This is the start of a memoir that is being submitted as part of National Novel Writing Month. That it’s not fiction makes me, I’ve learned, a NaNo Rebel for they are asking for fiction in any genre. I care not since I’ve always been a bit of a rebel in my way.  Fifty thousand words is required which is doubtless beyond me as life has a predictable way of flipping me upside down and inside out, especially when I need to concentrate most.  Why? This memoir will explain all.  Eventually!  I can’t quite believe I’m opening myself up by posting my progress on this blog but I know it is what I need to get back to writing.  Constructive criticism is positively welcomed.  All such posts are drafts; with that in mind, read on…

Prologue

My father has died. I think I did not greatly care for him but I cannot stop crying. And when I have placed a few letters and photographs into my bag, I want to ring my mother and cry in her arms and wail, ‘He’s dead, my Daddy is dead. My Daddy!’ But how can I?

Chapter One

I’m up so high sitting on the sofa and yet the porthole’s even higher. Mummy’s soft brown calves and the hem of her cotton frock are all that’s visible. She’s forgotten something. She’s forgotten to say goodbye to me.

She wants her sunglasses and Daddy is doing something in the bows of the barge and won’t get them for her.

‘Darling,’ she says.

I swivel round on my bottom to find her stroking my brother Tom’s brow as he lies grizzling in his cot. ‘He’s so pretty, even when he’s mewling,’ she says. Mewling? Why can’t she use ordinary words?

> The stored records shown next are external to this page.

(* Let $n\ge 2$ be even and $k\ge 3$. Let $Q(n,k)$ be the configuration with exactly $2k-1$ levels in which: level $2k-1$ (top) consists of $\frac n2$ blocks in consecutive slots; level $2k-2$ is full ($n$ blocks); and each level $i$ with $1\le i\le 2k-3$ consists of $\frac n2$ blocks in pairwise non-adjacent slots. Then the genus of (the boundary surface of) $Q(n,k)$ is $$ g(n,k)=\frac{n(n-2)(k-2)}{2}. $$
   Context: Blocks are boxes of length $n$, width $1$, height $1$. Level $i$ occupies heights $[i-1,i]$ and has $n$ slots $j=1,\dots,n$; a block in slot $j$ of an odd level $i$ is $[0,n]\times[j-1,j]\times[i-1,i]$, and a block in slot $j$ of an even level $i$ is $[j-1,j]\times[0,n]\times[i-1,i]$. Slots $j,j'$ are adjacent if $|j-j'|=1$. The genus of a configuration is the genus of the boundary surface of the union of its blocks (a connected closed polyhedral surface). The configuration uses $nk$ blocks in total. *)

theory Defs
  imports Complex_Main "HOL-Library.Product_Plus"
begin

text \<open>Lattice points of R^3 (integer coordinates); a unit cube is named by its
lower corner.  Axis 0 = x, 1 = y, 2 = z.\<close>

type_synonym pt = "int \<times> int \<times> int"

definition unitv :: "nat \<Rightarrow> pt" where
  "unitv a = (if a = 0 then (1,0,0) else if a = 1 then (0,1,0) else (0,0,1))"

definition axes :: "nat set" where "axes = {0,1,2}"

text \<open>Unit cubes occupied by the block in slot j (1..n) of level i (1-based):
odd level: [0,n] x [j-1,j] x [i-1,i]; even level: [j-1,j] x [0,n] x [i-1,i].\<close>

definition block_cubes :: "nat \<Rightarrow> nat \<Rightarrow> nat \<Rightarrow> pt set" where
  "block_cubes n i j =
     (if odd i then {(x, int j - 1, int i - 1) | x. 0 \<le> x \<and> x < int n}
      else {(int j - 1, y, int i - 1) | y. 0 \<le> y \<and> y < int n})"

definition config_cubes :: "nat \<Rightarrow> (nat \<times> nat) set \<Rightarrow> pt set" where
  "config_cubes n B = (\<Union>(i,j)\<in>B. block_cubes n i j)"

text \<open>A unit square (q,b): the square in the plane x_b = q_b with lower corner q,
spanned by the two axes different from b.  It separates the cubes with lower
corners q and q - e_b.\<close>

definition boundary_faces :: "pt set \<Rightarrow> (pt \<times> nat) set" where
  "boundary_faces C = {(q,b). b \<in> axes \<and> ((q \<in> C) \<noteq> (q - unitv b \<in> C))}"

definition face_vertices :: "pt \<times> nat \<Rightarrow> pt set" where
  "face_vertices f = (case f of (q,b) \<Rightarrow>
     {q + sum unitv S | S. S \<subseteq> axes - {b}})"

text \<open>A unit edge (p,a) is the segment from p to p + e_a.\<close>

definition face_edges :: "pt \<times> nat \<Rightarrow> (pt \<times> nat) set" where
  "face_edges f = (case f of (q,b) \<Rightarrow>
     {(q + sum unitv S, a) | a S. a \<in> axes - {b} \<and> S \<subseteq> axes - {a,b}})"

definition boundary_euler_char :: "pt set \<Rightarrow> int" where
  "boundary_euler_char C =
     int (card (\<Union>f\<in>boundary_faces C. face_vertices f))
   - int (card (\<Union>f\<in>boundary_faces C. face_edges f))
   + int (card (boundary_faces C))"

text \<open>Genus of the (connected, closed, orientable) boundary surface: chi = 2 - 2g.\<close>

definition boundary_genus :: "pt set \<Rightarrow> real" where
  "boundary_genus C = (2 - real_of_int (boundary_euler_char C)) / 2"

definition level :: "(nat \<times> nat) set \<Rightarrow> nat \<Rightarrow> nat set" where
  "level B i = {j. (i,j) \<in> B}"

definition is_Q :: "nat \<Rightarrow> nat \<Rightarrow> (nat \<times> nat) set \<Rightarrow> bool" where
  "is_Q n k B \<longleftrightarrow>
     B \<subseteq> {1..2*k-1} \<times> {1..n} \<and>
     (\<exists>a. level B (2*k-1) = {a..<a + n div 2}) \<and>
     level B (2*k-2) = {1..n} \<and>
     (\<forall>i\<in>{1..2*k-3}. card (level B i) = n div 2 \<and>
        (\<forall>j\<in>level B i. \<forall>j'\<in>level B i. j' \<noteq> j + 1))"

end

theory Submission
  imports Defs
begin

(* A lattice vertex or edge lies on the boundary surface iff the unit cubes around it are
   neither all filled nor all empty.  The union of the blocks is a stack of product layers:
   the cubes of level i are P i \<times> Q i, where one factor is the full row {0..<n} and the other
   one the set of occupied slots.  Hence every cell of the boundary complex is governed by the
   (at most two) layers adjacent to its height, and V - E + F splits into a sum over the
   horizontal planes.  Within a layer the vertical edges cancel against the vertical faces,
   and the plane between two crossing layers whose slot sets consist of r and r' runs of
   consecutive slots contributes r + r' - 2 r r'.  For Q(n,k) the levels have
   0, n/2, ..., n/2, 1, 1, 0 runs, so chi = 2 - (2k - 4) * 2 * (n/2) * (n/2 - 1). *)

section \<open>Cells of the boundary surface\<close>

lemma unitv_simps [simp]: "unitv 0 = (1,0,0)" "unitv 1 = (0,1,0)" "unitv (Suc 0) = (0,1,0)" "unitv 2 = (0,0,1)"
  by (auto simp: unitv_def)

She picks up the glasses from the shelf and goes back up on deck. I don’t know if she’s coming back; I don’t even know where she’s gone but she looks very happy.

With my hand I trace the stripes of the ticking that covers the sofa, and I press my lips together. Mummy can’t see me but I’m here. I know I’m still here because I can feel the stinging in my eyes.

*

“Quickly, quick!”  The black and white television shows the long, narrow boats skimming along with Cambridge ahead. “Come on, Oxford, come on!”

“Why on earth do you support Oxford? Think of your great-grandfather rowing for Cambridge.” Mummy makes one of her disparaging faces at me and turns away.

“But, darl…,” Daddy starts to say and then thinks better of it.

“But Daddy went to Oxford,” I say, “and he’s closer to me than great-great whatever he is.”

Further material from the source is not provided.